TensorFlow is an open-source software library for deep learning. TensorFlow was originally developed by the Google Brain team for Google's research and production purposes and later released under the Apache 2.0 open source license on November 9, 2015.

* [TensorFlow Homepage](https://www.tensorflow.org/)
* [TensorFlow GitHib](https://github.com/tensorflow/tensorflow)
* [TensorFlow Google Groups Support](https://groups.google.com/forum/#!forum/tensorflow)
* [TensorFlow Google Groups Developer Discussion](https://groups.google.com/a/tensorflow.org/forum/#!forum/discuss)
* [TensorFlow FAQ](https://www.tensorflow.org/resources/faq)

## Why TensorFlow

* Supported by Google
* _Works out of the box in Google Colab_
* Works well on Windows, Linux, and Mac
* Excellent GPU support
* Python-based

## Deep Learning Tools
TensorFlow is not the only game in town. The biggest competitor to TensorFlow/Keras is PyTorch.

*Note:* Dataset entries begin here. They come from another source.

text \<open>
Two invariants carry the argument. The first bounds each positive entry \<open>y\<^sub>k\<close>
by the number of opportunities left to decrease it: down feeders \<open>j > k\<close> that have
not yet fed \<open>k\<close>, and indices \<open>i < k\<close> that may still become up feeders. For a parking
function it holds initially (\<open>x\<^sub>k \<le> n\<close>), and it guarantees a down feeder candidate
whenever there is no zero but some positive entry, so the algorithm only stops
with all entries negative. Every step removes a nonnegative entry or adds a down
edge, which gives termination.

The second invariant describes the trace: the negative entries are exactly the
earlier up feeders, each occurring once, and an up feeder's entry is minus the
number of up steps from its own one onwards, since it is set to \<open>-1\<close> and then
decremented by every later up step. At the end all \<open>n\<close> indices have been up feeders,
so the final vector lists \<open>-1, \<dots>, -n\<close> in reverse order of the up steps.
\<close>

subsection \<open>The two update rules\<close>

lemma up_feeder_zero:
  fixes n :: nat
  assumes "\<exists>k\<in>{1..n}. y k = (0::int)"
  shows "Max {k \<in> {1..n}. y k = 0} \<in> {k \<in> {1..n}. y k = 0}"
proof (rule Max_in)
  show "finite {k \<in> {1..n}. y k = 0}" by (rule finite_subset[of _ "{1..n}"]) auto
qed (use assms in auto)

lemma up_upd_feeder: "up_upd n y j j = -1"
  by (simp add: up_upd_def)

lemma up_upd_pos:
  assumes "k \<in> {1..n}" "0 < up_upd n y j k"
  shows "0 < y k \<and> up_upd n y j k = y k - (if j < k then 1 else 0)"
  using assms by (auto simp: up_upd_def split: if_splits)

lemma up_upd_nonneg_iff: "0 \<le> up_upd n y j i \<longleftrightarrow> i \<noteq> j \<and> 0 \<le> y i"
  by (auto simp: up_upd_def)

lemma up_upd_neg: "i \<in> {1..n} \<Longrightarrow> i \<noteq> j \<Longrightarrow> y i < 0 \<Longrightarrow> up_upd n y j i = y i - 1"
  by (auto simp: up_upd_def)

lemma down_upd_pos:
  assumes "0 < down_upd n y j k"
  shows "0 < y k \<and> down_upd n y j k = y k - (if 1 \<le> k \<and> k < j then 1 else 0)"
  using assms by (auto simp: down_upd_def split: if_splits)

lemma down_upd_nonneg_iff: "0 \<le> down_upd n y j i \<longleftrightarrow> 0 \<le> y i"
  by (auto simp: down_upd_def)

lemma down_upd_neg: "y i < 0 \<Longrightarrow> down_upd n y j i = y i"
  by (auto simp: down_upd_def)

subsection \<open>Termination and progress\<close>

definition slack_invariant :: "nat \<Rightarrow> st \<Rightarrow> bool" where
  "slack_invariant n \<sigma> \<longleftrightarrow> downE \<sigma> \<subseteq> {1..n} \<times> {1..n} \<and>
     (\<forall>k\<in>{1..n}. 0 < yv \<sigma> k \<longrightarrow>
        yv \<sigma> k + int (card {j\<in>{k<..n}. (j, k) \<in> downE \<sigma>})
          \<le> int (n - k) + int (card {i\<in>{1..<k}. 0 \<le> yv \<sigma> i}))"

* **[TensorFlow](https://www.tensorflow.org/)** - Google's deep learning API.  The focus of this class, along with Keras.

* **[PyTorch](https://pytorch.org/)** - PyTorch is an open-source machine learning library based on the Torch library, used for computer vision and natural language applications processing. Facebook's AI Research lab primarily develops PyTorch.

* **[Keras](https://keras.io/)** - Acts as a higher-level frontend to Tensorflow (and now, in its latest incarnation, also for PyTorch and [Jax](https://docs.jax.dev/en/latest/)).

Generally, Keras requires significantly fewer lines of code to perform deep learning applications. However, if you are creating entirely new neural network structures in a research setting, direct use of PyTorch or TensorFlow can provide easier access to some of the low-level internals of deep learning.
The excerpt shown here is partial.